[Stored data entries]
★ ★ ★ ★

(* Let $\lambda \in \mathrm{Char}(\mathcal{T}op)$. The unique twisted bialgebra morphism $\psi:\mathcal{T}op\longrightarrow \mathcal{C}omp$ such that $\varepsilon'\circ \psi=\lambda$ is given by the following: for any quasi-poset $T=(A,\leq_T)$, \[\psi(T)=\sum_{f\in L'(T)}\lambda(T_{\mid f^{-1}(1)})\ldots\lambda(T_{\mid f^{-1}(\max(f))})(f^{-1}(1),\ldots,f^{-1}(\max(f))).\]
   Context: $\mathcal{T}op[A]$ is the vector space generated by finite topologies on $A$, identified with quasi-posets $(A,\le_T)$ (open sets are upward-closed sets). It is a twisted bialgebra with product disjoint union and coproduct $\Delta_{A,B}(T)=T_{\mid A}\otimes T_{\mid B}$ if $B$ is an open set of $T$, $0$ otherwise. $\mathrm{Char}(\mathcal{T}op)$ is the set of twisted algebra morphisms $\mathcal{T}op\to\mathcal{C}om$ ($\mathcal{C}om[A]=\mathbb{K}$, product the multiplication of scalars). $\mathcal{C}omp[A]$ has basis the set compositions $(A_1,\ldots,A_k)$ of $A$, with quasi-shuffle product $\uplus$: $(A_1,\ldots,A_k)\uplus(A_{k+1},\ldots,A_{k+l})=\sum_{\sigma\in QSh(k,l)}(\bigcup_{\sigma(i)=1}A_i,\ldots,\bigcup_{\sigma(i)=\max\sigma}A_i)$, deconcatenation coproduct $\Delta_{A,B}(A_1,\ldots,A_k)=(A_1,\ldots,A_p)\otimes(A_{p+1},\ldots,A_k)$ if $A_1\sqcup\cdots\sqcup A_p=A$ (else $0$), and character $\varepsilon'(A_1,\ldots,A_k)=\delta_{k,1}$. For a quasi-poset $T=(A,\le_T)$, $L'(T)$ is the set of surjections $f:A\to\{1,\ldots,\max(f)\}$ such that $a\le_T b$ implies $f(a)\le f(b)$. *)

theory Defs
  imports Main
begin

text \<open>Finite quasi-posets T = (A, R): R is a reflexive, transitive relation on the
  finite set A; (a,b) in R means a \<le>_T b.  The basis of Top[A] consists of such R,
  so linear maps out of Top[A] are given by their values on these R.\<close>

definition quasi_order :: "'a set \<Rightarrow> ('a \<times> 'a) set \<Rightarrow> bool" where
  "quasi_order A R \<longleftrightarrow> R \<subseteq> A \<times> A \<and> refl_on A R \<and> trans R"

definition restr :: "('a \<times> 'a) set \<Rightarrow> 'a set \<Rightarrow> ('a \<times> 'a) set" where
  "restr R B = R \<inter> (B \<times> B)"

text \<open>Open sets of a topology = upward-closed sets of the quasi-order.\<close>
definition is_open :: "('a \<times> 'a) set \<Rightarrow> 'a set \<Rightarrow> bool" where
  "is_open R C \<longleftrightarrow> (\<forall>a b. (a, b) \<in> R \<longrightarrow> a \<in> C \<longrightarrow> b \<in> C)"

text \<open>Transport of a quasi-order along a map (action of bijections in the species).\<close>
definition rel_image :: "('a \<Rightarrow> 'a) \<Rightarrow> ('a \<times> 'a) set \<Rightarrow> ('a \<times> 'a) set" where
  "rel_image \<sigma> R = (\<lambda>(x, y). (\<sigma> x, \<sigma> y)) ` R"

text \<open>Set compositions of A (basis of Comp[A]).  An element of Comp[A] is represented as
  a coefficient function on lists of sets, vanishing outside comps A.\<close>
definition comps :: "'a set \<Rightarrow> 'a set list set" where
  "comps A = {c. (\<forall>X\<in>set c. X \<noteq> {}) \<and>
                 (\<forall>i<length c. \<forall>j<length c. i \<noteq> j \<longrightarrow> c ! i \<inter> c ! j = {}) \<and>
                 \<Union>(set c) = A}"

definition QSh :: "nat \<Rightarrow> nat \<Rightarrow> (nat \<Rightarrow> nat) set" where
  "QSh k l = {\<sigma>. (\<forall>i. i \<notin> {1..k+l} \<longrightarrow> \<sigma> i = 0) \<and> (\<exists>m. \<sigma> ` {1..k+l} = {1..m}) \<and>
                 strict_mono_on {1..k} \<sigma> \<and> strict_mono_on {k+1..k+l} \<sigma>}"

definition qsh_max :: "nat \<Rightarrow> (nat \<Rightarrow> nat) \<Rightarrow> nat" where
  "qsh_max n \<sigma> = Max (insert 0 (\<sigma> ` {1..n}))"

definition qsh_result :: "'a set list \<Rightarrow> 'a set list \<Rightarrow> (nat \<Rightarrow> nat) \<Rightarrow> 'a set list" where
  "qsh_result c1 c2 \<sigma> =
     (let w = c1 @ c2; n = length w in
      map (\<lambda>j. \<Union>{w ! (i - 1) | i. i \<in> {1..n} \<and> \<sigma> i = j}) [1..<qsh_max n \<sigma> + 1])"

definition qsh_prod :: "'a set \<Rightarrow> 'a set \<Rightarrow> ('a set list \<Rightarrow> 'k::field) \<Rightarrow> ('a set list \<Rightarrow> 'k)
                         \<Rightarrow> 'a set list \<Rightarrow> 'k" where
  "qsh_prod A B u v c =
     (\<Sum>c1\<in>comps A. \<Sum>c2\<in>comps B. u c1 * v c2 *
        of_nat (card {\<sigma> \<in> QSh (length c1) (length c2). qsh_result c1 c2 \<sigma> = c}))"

★ ★ ★ ★

**Assignment**
Retype only this portion of the data above: the line containing "imports Main", the line containing "so linear maps", and all lines between them, exactly.

**Problem solution**
  imports Main
begin

text \<open>Finite quasi-posets T = (A, R): R is a reflexive, transitive relation on the
  finite set A; (a,b) in R means a \<le>_T b.  The basis of Top[A] consists of such R,
  so linear maps out of Top[A] are given by their values on these R.\<close>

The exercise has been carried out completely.